A recomendação genérica que fazemos será a de que se diversifique a carteira de investimento de ativos de baixo risco.
- Sim, ter mais algum capital fora do sistema financeiro pode fazer sentido, seja com reserva no ‘colchão’, seja num cofre bancário.
- Sim, deter alguma parte da poupança em outras moedas ou valores pode fazer sentido, escolhendo criteriosamente o investimento e tendo consciência de que há sempre risco inerente (cambial, roubo, etc).
- E sim, há incentivos também muito fortes internos e externos para que não se instale a desconfiança generalizada entre os cidadãos face ao sistema financeiro pelo que apesar de mais arriscado, ter o dinheiro depositado no banco e a gerar um rendimento real positivo como acontece agora em Portugal continua a ser uma opção de poupança legítima e defensável. Pelo sim, pelo não, ponha alguns ovos noutros cestos, mas não deite a opção dos depósitos bancários para o lixo das suas opções de aforro.
Bons negócios!
É o descalabro total! NUNCA MAIS alguém vai ter confiança no sistema e a Europa vai-se apagar lentamente até à sufocação final!
Minha rica Suiça!!
Não será precoce estarmos a alarmar com uma situação que:
– não está ainda definida, até podendo os depositos até 100 mil euros serem isentos dessa taxa
– passou-se num país que é um caso especial
– já foi confirmada que não acontecerá em Portugal.

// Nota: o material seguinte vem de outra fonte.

(* Let $(r_I)_I$ be a family of idempotent functions $r_I:[0,1]^I\times[0,1]\to[0,1]^I\times[0,1]$ satisfying (1) $r_I(u,z)=(u,z)$ iff $\partial_I u=1$ or $z=0$, and (2) $r_J(f\times\mathrm{id})r_I=r_J(f\times\mathrm{id})$ for every strict $f\in\mathrm{Hom}(I,J)$. Let $(r_\psi)$, for $I$ a finite set of names and $\psi\in\mathbb{F}(I)$, be functions $[0,1]^I\times[0,1]\to[0,1]^I\times[0,1]$ satisfying: (a) $r_\psi=\mathrm{id}$ if $\psi=1_\mathbb{F}$; (b) $r_\psi=r_\psi r_I$ if $\psi\neq1_\mathbb{F}$; (c) $r_\psi(u,z)=(u,z)$ if $z=0$; (d) $r_\psi((ib)\times\mathrm{id})=((ib)\times\mathrm{id})r_{\psi(ib)}$ for $i\in I$, $b\in\{0,1\}$. Then for every morphism $f\in\mathrm{Hom}(I,J)$ and every $\psi\in\mathbb{F}(J)$, $$r_\psi\circ(f\times\mathrm{id})=(f\times\mathrm{id})\circ r_{\psi f}.$$
   Context: Fix a countably infinite set of names. $\mathsf{dM}(J)$ is the free de Morgan algebra on $J$. The cube category $\mathcal{C}$ has finite sets of names as objects; $f\in\mathrm{Hom}(I,J)$ is a map $J\to\mathsf{dM}(I)$, composed by substitution; $f$ is strict if it never takes value $0$ or $1$. Using the de Morgan algebra $([0,1],\min,\max,1-x)$, $f\in\mathrm{Hom}(I,J)$ induces $f:[0,1]^I\to[0,1]^J$, $(fu)_j=f(j)$ evaluated at $u$. The face map $(ib)\in\mathrm{Hom}(I-\{i\},I)$ sends $i\mapsto b$, $j\mapsto j$ otherwise. The face lattice $\mathbb{F}$ is the distributive lattice generated by $(i=0),(i=1)$ for names $i$ subject to $(i=0)\wedge(i=1)=0_\mathbb{F}$; $\mathbb{F}(I)$ is the sublattice generated by generators with $i\in I$. For $\psi\in\mathbb{F}(J)$ and $f\in\mathrm{Hom}(I,J)$, $\psi f\in\mathbb{F}(I)$ is the substitution sending $(j=1)$ to $(f(j)=1)$ and $(j=0)$ to $(1-f(j)=1)$, where $r\mapsto(r=1)$ is the lattice map $\mathsf{dM}(I)\to\mathbb{F}(I)$ with $i\mapsto(i=1)$, $1-i\mapsto(i=0)$, $0\mapsto 0_\mathbb{F}$, $1\mapsto1_\mathbb{F}$; in particular $\psi(ib)$ substitutes $(i=b)\mapsto 1_\mathbb{F}$, $(i=1-b)\mapsto 0_\mathbb{F}$. For $u\in[0,1]^I$, $\partial_I u=1$ means some $u_i\in\{0,1\}$. *)

theory Defs
  imports Complex_Main "HOL-Library.FuncSet"
begin

text \<open>Names are natural numbers (a countably infinite set); finite sets of names are
  finite sets of naturals.\<close>

datatype dmt = DVar nat | DZero | DOne | DMeet dmt dmt | DJoin dmt dmt | DNeg dmt

inductive dm_eq :: "dmt \<Rightarrow> dmt \<Rightarrow> bool" where
  dm_refl: "dm_eq x x"
| dm_sym: "dm_eq x y \<Longrightarrow> dm_eq y x"
| dm_trans: "dm_eq x y \<Longrightarrow> dm_eq y z \<Longrightarrow> dm_eq x z"
| dm_cong_meet: "dm_eq x x' \<Longrightarrow> dm_eq y y' \<Longrightarrow> dm_eq (DMeet x y) (DMeet x' y')"
| dm_cong_join: "dm_eq x x' \<Longrightarrow> dm_eq y y' \<Longrightarrow> dm_eq (DJoin x y) (DJoin x' y')"
| dm_cong_neg: "dm_eq x x' \<Longrightarrow> dm_eq (DNeg x) (DNeg x')"
| dm_meet_assoc: "dm_eq (DMeet (DMeet x y) z) (DMeet x (DMeet y z))"
| dm_join_assoc: "dm_eq (DJoin (DJoin x y) z) (DJoin x (DJoin y z))"
| dm_meet_comm: "dm_eq (DMeet x y) (DMeet y x)"
| dm_join_comm: "dm_eq (DJoin x y) (DJoin y x)"
| dm_meet_absorb: "dm_eq (DMeet x (DJoin x y)) x"
| dm_join_absorb: "dm_eq (DJoin x (DMeet x y)) x"
| dm_distrib: "dm_eq (DMeet x (DJoin y z)) (DJoin (DMeet x y) (DMeet x z))"
| dm_meet_one: "dm_eq (DMeet x DOne) x"
| dm_join_zero: "dm_eq (DJoin x DZero) x"
| dm_meet_zero: "dm_eq (DMeet x DZero) DZero"
| dm_join_one: "dm_eq (DJoin x DOne) DOne"
| dm_neg_neg: "dm_eq (DNeg (DNeg x)) x"
| dm_neg_meet: "dm_eq (DNeg (DMeet x y)) (DJoin (DNeg x) (DNeg y))"
| dm_neg_join: "dm_eq (DNeg (DJoin x y)) (DMeet (DNeg x) (DNeg y))"
| dm_neg_zero: "dm_eq (DNeg DZero) DOne"
| dm_neg_one: "dm_eq (DNeg DOne) DZero"

lemma equivp_dm_eq: "equivp dm_eq"
  by (intro equivpI reflpI sympI transpI) (auto intro: dm_eq.intros)

quotient_type dm = dmt / dm_eq
  by (rule equivp_dm_eq)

Parem lá com as especulações que já há especuladores a mais neste planeta!
O que o jz diz ser especulação para nós é informação. Saber o que se está a passar incluindo o grau de incerteza associado é um direito. Aliás, se há quem esteja a introduzir incerteza em tudo isto, não é seguramente o mensageiro.
È especulação pura, caro Mapari.
Grau de incerteza?? Mas se já foi confirmado que isto é um caso único que não acontecerá cá.
Ainda nem no Chipre foi decidido o grau desta taxa e já se especula o que se poderá passar em Portugal. Tipico dos portugueses que vivem de cenários hipoteticos em vez de viverem do presente e pensar no futuro.